# Chapter 8 - Section 8.5 - Polynomial and Rational Inequalities - Exercise Set - Page 649: 10

$$(-∞, -1] ∪ [3,+∞)$$ Let $x^2 - 2x -3 \geq 0$ be a function $f$. Find the $x$-intercepts by solving $x^2 - 2x -3=0$ Factor: $x^2 - 2x -3$ = $(x-3)(x+1)$ $x-3=0$ or $x+1=0$ $x = 3$ or $x = -1$ These x-intercepts serve as boundary points that separate the number line into intervals.

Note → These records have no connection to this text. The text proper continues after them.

(* Let $D$ and $\bar D$ be exact connections on vector bundles $E\to M$ and $\bar E\to\bar M$, and let $\pi:M\times\bar M\to M$ and $\bar\pi:M\times\bar M\to\bar M$ be the projections. Then $\pi^*D$ and $\bar\pi^*\bar D$ are exact connections on $\pi^*E$ and $\bar\pi^*\bar E$ over $M\times\bar M$. Moreover, $\pi^*D+\bar\pi^*\bar D$ is an exact connection on $\pi^*E\oplus\bar\pi^*\bar E$ over $M\times\bar M$.
   Context: For a connection $D$ on $E$: $D^\wedge$ is the exterior covariant derivative $\phi_b{}^\alpha\mapsto D_{[a}\phi_{b]}{}^\alpha$, $\kappa=D^\wedge\circ D$ the curvature (assumed of constant rank). $D$ is exact if every section $\phi$ of $\Lambda^1\otimes E$ with $D^\wedge\phi=\kappa(\psi)$ for some section $\psi$ of $E$ is of the form $D\eta$ for some section $\eta$ of $E$. Statements are local (on sufficiently small open sets). *)

theory Defs
  imports "HOL-Analysis.Analysis"
begin

text \<open>Local model: a vector bundle of rank CARD('k) over an open set U of a
Euclidean space 'a, trivialised by a frame; sections are maps U -> real^'k.
Coordinate directions are the elements of Basis.\<close>

definition pd :: "'a::euclidean_space \<Rightarrow> ('a \<Rightarrow> real) \<Rightarrow> 'a \<Rightarrow> real" where
  "pd i f x = frechet_derivative f (at x) i"

fun Ck :: "nat \<Rightarrow> 'a::euclidean_space set \<Rightarrow> ('a \<Rightarrow> real) \<Rightarrow> bool" where
  "Ck 0 U f = continuous_on U f"
| "Ck (Suc k) U f = (f differentiable_on U \<and> (\<forall>i\<in>Basis. Ck k U (pd i f)))"

definition smooth :: "'a::euclidean_space set \<Rightarrow> ('a \<Rightarrow> real) \<Rightarrow> bool" where
  "smooth U f = (\<forall>k. Ck k U f)"

definition smooth_sec :: "'a::euclidean_space set \<Rightarrow> ('a \<Rightarrow> real^'k) \<Rightarrow> bool" where
  "smooth_sec U \<eta> = (\<forall>\<alpha>. smooth U (\<lambda>x. \<eta> x $ \<alpha>))"

definition smooth_form :: "'a::euclidean_space set \<Rightarrow> ('a \<Rightarrow> 'a \<Rightarrow> real^'k) \<Rightarrow> bool" where
  "smooth_form U \<phi> = (\<forall>a\<in>Basis. smooth_sec U (\<lambda>x. \<phi> x a))"
(* Let $E,F\subset\mathbb{R}^N$ be measurable sets with $\gamma(E),\gamma(F)\in(0,1)$ such that $$\frac{\gamma(F\triangle E)}{\gamma(F)}\leq\kappa\,\mathcal{A}_\gamma(F)$$ for some $0<\kappa<1/2$. Then $$\mathcal{A}_\gamma(E)\geq\frac{1-2\kappa}{c_\kappa}\mathcal{A}_\gamma(F),\qquad c_\kappa:=\begin{cases}1 & \text{if }\gamma(E\setminus F)=0,\\ 1+2\kappa & \text{if }\gamma(E\setminus F)>0.\end{cases}$$
   Context: $\gamma$ is the standard Gaussian measure on $\mathbb{R}^N$; $\Phi(r)=\gamma_1((-\infty,r))$; for $\omega\in\mathbb{S}^{N-1}$, $r\in\mathbb{R}$, $H_{\omega,r}=\{x:x\cdot\omega<r\}$. For measurable $G$ with $\gamma(G)\in(0,1)$ the Gaussian Fraenkel asymmetry is $\mathcal{A}_\gamma(G):=\min_{\omega\in\mathbb{S}^{N-1}}\gamma(G\triangle H_{\omega,r})/\gamma(G)$ with $r=\Phi^{-1}(\gamma(G))$. *)

theory Defs
  imports "HOL-Analysis.Analysis"
begin

definition gauss :: "'a::euclidean_space measure" where
  "gauss = density lebesgue
     (\<lambda>x. ennreal ((2 * pi) powr (- real DIM('a) / 2) * exp (- (norm x)\<^sup>2 / 2)))"

definition Phi :: "real \<Rightarrow> real" where
  "Phi r = measure (gauss :: real measure) {..<r}"

definition Phi_inv :: "real \<Rightarrow> real" where
  "Phi_inv p = (THE r. Phi r = p)"

definition halfsp :: "'a::euclidean_space \<Rightarrow> real \<Rightarrow> 'a set" where
  "halfsp \<omega> r = {x. x \<bullet> \<omega> < r}"

definition symdiff :: "'a set \<Rightarrow> 'a set \<Rightarrow> 'a set" where
  "symdiff A B = (A - B) \<union> (B - A)"

text \<open>Gaussian Fraenkel asymmetry (the minimum over the unit sphere is attained,
  so it coincides with the infimum).\<close>
definition gasym :: "'a::euclidean_space set \<Rightarrow> real" where
  "gasym G = (INF \<omega>\<in>sphere 0 1.
      measure gauss (symdiff G (halfsp \<omega> (Phi_inv (measure gauss G)))) / measure gauss G)"

end

theory Submission
  imports Defs "HOL-Probability.Probability"
begin

text \<open>
  Fix a unit vector \<open>\<omega>\<close> and let \<open>H\<^sub>E\<close>, \<open>H\<^sub>F\<close> be the half-spaces with normal \<open>\<omega>\<close>
  whose Gaussian measures are \<open>\<gamma>(E)\<close> and \<open>\<gamma>(F)\<close>. They are parallel, so
  \<open>\<gamma>(H\<^sub>E \<triangle> H\<^sub>F) = |\<gamma>(E) - \<gamma>(F)| \<le> \<gamma>(F \<triangle> E)\<close>, and the triangle inequality
  for \<open>\<gamma>(\<cdot> \<triangle> \<cdot>)\<close> gives \<open>\<gamma>(F \<triangle> H\<^sub>F) \<le> \<gamma>(E \<triangle> H\<^sub>E) + 2 \<gamma>(F \<triangle> E)\<close>.
  Minimising over \<open>\<omega>\<close> yields \<open>\<gamma>(F) \<A>(F) \<le> \<gamma>(E) \<A>(E) + 2 \<gamma>(F \<triangle> E)\<close>, and the
  hypothesis \<open>\<gamma>(F \<triangle> E) \<le> \<kappa> \<gamma>(F) \<A>(F)\<close> turns this into
  \<open>(1 - 2\<kappa>) \<gamma>(F) \<A>(F) \<le> \<gamma>(E) \<A>(E)\<close>. Finally \<open>\<gamma>(E) \<le> \<gamma>(F) + \<gamma>(E - F)\<close>, where
  \<open>\<gamma>(E - F) \<le> \<kappa> \<gamma>(F) \<A>(F) \<le> 2\<kappa> \<gamma>(F)\<close> because \<open>\<A> \<le> 2\<close>; so \<open>\<gamma>(E) \<le> c\<^sub>\<kappa> \<gamma>(F)\<close>.

  That the half-space \<open>{x. x \<bullet> \<omega> < r}\<close> has measure \<open>\<Phi>(r)\<close> holds because the
  coordinates are independent standard normals, so \<open>x \<bullet> \<omega>\<close> is a centred normal
  of variance \<open>|\<omega>|\<^sup>2 = 1\<close>; and \<open>\<Phi>\<close> is continuous and strictly increasing from 0 to 1,
  so \<open>Phi_inv\<close> inverts it on \<open>(0, 1)\<close>.
\<close>

lemma symdiff_commute: "symdiff A B = symdiff B A"
  by (auto simp: symdiff_def)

The boundary points of this equation therefore divide the number line into three intervals: $(-∞, -1)(-1,3)(3, +∞)$ Choose one test value within each interval and evaluate $f$ at that number. $(-∞, -1)$ Test Value = $-2$ $f=(x-3)(x+1)$ $f=(-2-3)(-2+1)$ $f=5$ Conclusion: $f (x) > 0$ for all $x$ in $(-∞, -1)$. $(-1,3)$ Test Value = $0$ $f=(x-3)(x+1)$ $f=(0-3)(0+1)$ $f=-3$ Conclusion: $f (x) < 0$ for all $x$ in $(-1,3)$. $(3,+∞)$ Test Value = $4$ $f=(x-3)(x+1)$ $f=(4-3)(4+1)$ $f=5$ Conclusion: $f (x) > 0$ for all $x$ in $(3,+∞)$. Write the solution set, selecting the interval or intervals that satisfy the given inequality. We are interested in solving $f (x) \geq 0$, where $f (x) = x^2 - 2x -3$. Based on the solution above, $f(x)\gt 0$ for all $x$ in $(-∞, -1)$ or $(3, +∞)$. However, because the inequality involves $\geq$ (greater than or equal to), we must also include the solutions of $x^2 - 2x -3 = 0$, namely $3$ and $-1$, in the solution set. Thus, the solution set of the given inequality is: $$(-∞, -1] ∪ [3,+∞)$$